Military Capabilities

US Air Force plans platform cuts for FY 2021 budget request

12 November 2019

The US Air Force could save USD2.9 billion over five years if it retires the B-2 by fiscal year 2023, according to a report from the Center for Strategic and International Studies (CSIS) think tank in Washington, DC. Source: US Air Force

Key Points

  • The US Air Force is planning platform cuts in its FY 2021 budget to free up money for modernisation
  • The service wants to free up money to prepare for near-peer competition and move away from platforms that were more valuable during previous combat in uncontested airspace

The US Air Force (USAF) will propose retiring platforms as part of its fiscal year 2021 (FY 2021) budget request to free up funding for important modernisation efforts.

Will Roper, USAF assistant secretary for acquisition, technology, and logistics (AT&L), said on 12 November that the service is assessing which systems have value 5-10 years into the future and which ones will be increasingly applicable to only counter terrorist or low threat environments. The USAF is transitioning to future warfare in contested environments against near-peer nations such as China or Russia and away from battle in uncontested airspace over Afghanistan and Iraq.

Roper said the FY 2021 budget will focus on digital transformation, getting enterprise cloud computing across the USAF, and connecting the development environment among service coding hubs such as Kessel Run and Kobayashi Maru. The USAF, he said, wants to connect these facilities to a combat cloud so it can write code and deploy it at the pace its operators need.

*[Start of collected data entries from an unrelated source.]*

lemma card_ge_if_ordered_hom_rainbow:
  assumes "n \<ge> 1" and W: "oriented_ordered_graph W B"
    and f: "ordered_hom {0..<2 * n} (rainbow n) W B f"
  shows "n + 1 \<le> card W"
proof -
  let ?S = "{k. k < 2 * n - 1 \<and> f k < f (Suc k)}"
  have vertices: "{0..2 * n - 1} = {0..<2 * n}"
    using assms(1) by auto
  have mono: "mono_on {0..2 * n - 1} f"
    using f unfolding vertices ordered_hom_def mono_on_def by blast
  have "disjoint_family_on (\<lambda>i. {i, 2 * n - 2 - i}) {..<n}"
    unfolding disjoint_family_on_def by auto
  then have "n \<le> card ?S"
    using card_le_card_if_meets_disjoint_family[of ?S _ "{..<n}"] ordered_hom_rainbow_ascent[OF W f]
    by simp
  also have "card ?S < card (f ` {0..2 * n - 1})"
    using card_ascents_less_card_image[OF mono] .
  also have "\<dots> \<le> card W"
    using f W unfolding vertices ordered_hom_def oriented_ordered_graph_def by (simp add: card_mono)
  finally show ?thesis by simp
qed

theorem proposition3:
  fixes n :: nat
  assumes "n \<ge> 1"
  shows "\<exists>(V::nat set) A. oriented_ordered_graph V A \<and> card V = 2 * n \<and>
    (\<forall>v\<in>V. ordered_degree A v = 1) \<and>
    (\<forall>(P, Q)\<in>M2_orientations. \<not> contains_ordered_subgraph V A P Q) \<and>
    (\<forall>(P, Q)\<in>P3_orientations. \<not> contains_ordered_subgraph V A P Q) \<and>
    oriented_ordered_chi V A = n + 1"
proof (intro exI conjI)
  show "oriented_ordered_graph {0..<2 * n} (rainbow n)"
    by (rule oriented_ordered_graph_rainbow)
  show "card {0..<2 * n} = 2 * n"
    by simp
  show "\<forall>v\<in>{0..<2 * n}. ordered_degree (rainbow n) v = 1"
    by (simp add: ordered_degree_rainbow)
  have antidiagonal: "u + v = 2 * n - 1" if "(u, v) \<in> rainbow n" for u v
    using rainbow_arc_sum[OF that] by simp
  show "\<forall>(P, Q)\<in>M2_orientations. \<not> contains_ordered_subgraph {0..<2 * n} (rainbow n) P Q"
    using not_contains_M2_if_arcs_antidiagonal[OF antidiagonal] by blast
  show "\<forall>(P, Q)\<in>P3_orientations. \<not> contains_ordered_subgraph {0..<2 * n} (rainbow n) P Q"
    using not_contains_P3_if_arcs_antidiagonal[OF antidiagonal] by blast
  show "oriented_ordered_chi {0..<2 * n} (rainbow n) = n + 1"
    using card_ge_if_ordered_hom_rainbow[OF assms]
    by (intro oriented_ordered_chi_eqI[OF oriented_ordered_graph_star ordered_hom_rainbow_star]) auto
qed

end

The USAF continues to promote its new strategy of prioritising connecting platforms and operators instead of building world-class weapon systems. In addition to cloud computing, Roper said the service wants software defined radios and networks at the tactical edge so it can respond quickly to new threats. The USAF also wants to create internet-type effects, which Roper said is completely different from the USAF's current model of building dominant platforms that enemies cannot shoot down.